definition unitary_mat :: "complex^'n^'n \<Rightarrow> bool" where
  "unitary_mat U \<longleftrightarrow> adj U ** U = mat 1 \<and> U ** adj U = mat 1"

definition hermitian_mat :: "complex^'n^'n \<Rightarrow> bool" where
  "hermitian_mat A \<longleftrightarrow> adj A = A"

definition pure_state :: "complex^'n^'n \<Rightarrow> bool" where
  "pure_state \<rho> \<longleftrightarrow> (\<exists>\<psi> :: complex^'n. norm \<psi> = 1 \<and> \<rho> = (\<chi> i j. \<psi> $ i * cnj (\<psi> $ j)))"

definition pdiff :: "(real^'p \<Rightarrow> 'b::real_normed_vector) \<Rightarrow> real^'p \<Rightarrow> 'p \<Rightarrow> 'b" where
  "pdiff f \<theta> j = frechet_derivative f (at \<theta>) (axis j 1)"

definition rho_out :: "(real^'p \<Rightarrow> complex^'n^'n) \<Rightarrow> complex^'n^'n \<Rightarrow> real^'p \<Rightarrow> complex^'n^'n" where
  "rho_out U \<rho>0 \<theta> = U \<theta> ** \<rho>0 ** adj (U \<theta>)"

definition is_SLD :: "(real^'p \<Rightarrow> complex^'n^'n) \<Rightarrow> real^'p \<Rightarrow> 'p \<Rightarrow> complex^'n^'n \<Rightarrow> bool" where
  "is_SLD \<rho> \<theta> j L \<longleftrightarrow> hermitian_mat L \<and>
     pdiff \<rho> \<theta> j = (1/2::real) *\<^sub>R (\<rho> \<theta> ** L + L ** \<rho> \<theta>)"

definition SLD :: "(real^'p \<Rightarrow> complex^'n^'n) \<Rightarrow> real^'p \<Rightarrow> 'p \<Rightarrow> complex^'n^'n" where
  "SLD \<rho> \<theta> j = (SOME L. is_SLD \<rho> \<theta> j L)"

definition SLD_QFI :: "(real^'p \<Rightarrow> complex^'n^'n) \<Rightarrow> real^'p \<Rightarrow> real^'p^'p" where
  "SLD_QFI \<rho> \<theta> = (\<chi> j k. Re (trace (SLD \<rho> \<theta> j ** \<rho> \<theta> ** SLD \<rho> \<theta> k)))"

text \<open>C_Upsilon(theta) for Kraus operators Upsilon_0,...,Upsilon_(r-1) (0-based indexing).\<close>
definition C_Kraus :: "nat \<Rightarrow> (nat \<Rightarrow> real^'p \<Rightarrow> complex^'n^'n) \<Rightarrow> complex^'n^'n \<Rightarrow> real^'p \<Rightarrow> real^'p^'p" where
  "C_Kraus r K \<rho>0 \<theta> = (\<chi> j k. 4 * (\<Sum>l<r. Re (trace (pdiff (K l) \<theta> j ** \<rho>0 ** adj (pdiff (K l) \<theta> k)))))"

definition unitary_kraus :: "(real^'p \<Rightarrow> complex^'n^'n) \<Rightarrow> nat \<Rightarrow> real^'p \<Rightarrow> complex^'n^'n" where
  "unitary_kraus U l = (if l = 0 then U else (\<lambda>_. 0))"

end

theory Submission
  imports Defs
begin

text \<open>Write \<open>\<rho>\<^sub>0 = |\<psi>\<rangle>\<langle>\<psi>|\<close>, \<open>\<phi> = U\<^sub>\<theta>\<psi>\<close> and \<open>a\<^sub>l = \<partial>\<^sub>lU\<^sub>\<theta>\<psi>\<close>. Then
  \<open>\<rho>\<^sub>\<theta> = |\<phi>\<rangle>\<langle>\<phi>|\<close> and \<open>\<partial>\<^sub>l\<rho>\<^sub>\<theta> = |\<phi>\<rangle>\<langle>a\<^sub>l| + |a\<^sub>l\<rangle>\<langle>\<phi>|\<close>, and differentiating
  \<open>U\<^sup>\<dagger>U = 1\<close> shows that \<open>c\<^sub>l = \<langle>\<phi>, a\<^sub>l\<rangle>\<close> is purely imaginary. For a pure state the SLD
  equation determines \<open>\<lambda>\<^sup>l\<phi> = 2a\<^sub>l - 2c\<^sub>l\<phi>\<close>, whence
  \<open>H\<^sub>j\<^sub>k = 4 Re \<langle>a\<^sub>k, a\<^sub>j\<rangle> + 4 Re (c\<^sub>j c\<^sub>k)\<close>, while \<open>C\<^sub>j\<^sub>k = 4 Re \<langle>a\<^sub>k, a\<^sub>j\<rangle>\<close>.
  As the \<open>c\<^sub>l\<close> are imaginary, \<open>Re (c\<^sub>j c\<^sub>k) = 0\<close> for all \<open>j, k\<close> iff all \<open>c\<^sub>l\<close> vanish,
  and \<open>tr{U\<^sub>\<theta>\<rho>\<^sub>0(\<partial>\<^sub>lU\<^sub>\<theta>)\<^sup>\<dagger>} = \<langle>a\<^sub>l, \<phi>\<rangle> = -c\<^sub>l\<close>.\<close>

lemma matrix_mul_scaleR_left:
  "((c::real) *\<^sub>R (A::'a::real_algebra_1^'n^'m)) ** B = c *\<^sub>R (A ** B)"
  by (simp add: vec_eq_iff matrix_matrix_mult_def scaleR_sum_right)

lemma matrix_mul_scaleR_right:
  "(A::'a::real_algebra_1^'n^'m) ** ((c::real) *\<^sub>R B) = c *\<^sub>R (A ** B)"
  by (simp add: vec_eq_iff matrix_matrix_mult_def scaleR_sum_right)

lemma matrix_add_rdistrib: "((A::'a::semiring_1^'n^'m) + B) ** C = A ** C + B ** C"
  by (simp add: vec_eq_iff matrix_matrix_mult_def sum.distrib distrib_right)

lemma matrix_vector_mult_scaleR_left:
  "((c::real) *\<^sub>R (M::'a::real_algebra_1^'n^'m)) *v x = c *\<^sub>R (M *v x)"
  by (simp add: vec_eq_iff matrix_vector_mult_def scaleR_sum_right)

lemma bounded_bilinear_matrix_mul:
  "bounded_bilinear ((**) :: complex^'n^'m \<Rightarrow> complex^'k^'n \<Rightarrow> complex^'k^'m)"
proof -
  have "bilinear ((**) :: complex^'n^'m \<Rightarrow> complex^'k^'n \<Rightarrow> complex^'k^'m)"
    unfolding bilinear_def
    by (auto intro!: linearI simp: matrix_add_ldistrib matrix_add_rdistrib
        matrix_mul_scaleR_left matrix_mul_scaleR_right)
  then show ?thesis by (simp add: bilinear_conv_bounded_bilinear)
qed

lemma adj_add: "adj (A + B) = adj A + adj B"
  by (simp add: adj_def vec_eq_iff)

lemma adj_scaleR: "adj ((c::real) *\<^sub>R A) = c *\<^sub>R adj A"
  by (simp add: adj_def vec_eq_iff complex_eq_iff)

lemma adj_adj [simp]: "adj (adj A) = A"
  by (simp add: adj_def vec_eq_iff)

lemma bounded_linear_adj: "bounded_linear (adj :: complex^'n^'n \<Rightarrow> complex^'n^'n)"
proof -
  have "linear (adj :: complex^'n^'n \<Rightarrow> complex^'n^'n)"
    by (auto intro!: linearI simp: adj_add adj_scaleR)
  then show ?thesis by (simp add: linear_conv_bounded_linear)
qed

definition cinner :: "complex^'n \<Rightarrow> complex^'n \<Rightarrow> complex" where
  "cinner x y = (\<Sum>i\<in>UNIV. cnj (x$i) * y$i)"

definition outer :: "complex^'n \<Rightarrow> complex^'n \<Rightarrow> complex^'n^'n" where
  "outer u v = (\<chi> i j. u$i * cnj (v$j))"

lemma matrix_mul_outer: "X ** outer u v = outer (X *v u) v"
  by (simp add: vec_eq_iff matrix_matrix_mult_def matrix_vector_mult_def outer_def
      sum_distrib_right mult.assoc)

lemma outer_matrix_mul: "outer u v ** Y = outer u (adj Y *v v)"
  by (simp add: vec_eq_iff matrix_matrix_mult_def matrix_vector_mult_def outer_def adj_def
      sum_distrib_left) (intro allI sum.cong, simp_all add: mult_ac)

lemma outer_mult_vec: "outer u v *v w = cinner v w *s u"
  by (simp add: vec_eq_iff matrix_vector_mult_def outer_def cinner_def sum_distrib_left mult_ac)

__Task objective__:
Go through the records above and copy each line where "auto" is found.

__Result__:
    by (auto intro!: linearI simp: matrix_add_ldistrib matrix_add_rdistrib
    by (auto intro!: linearI simp: adj_add adj_scaleR)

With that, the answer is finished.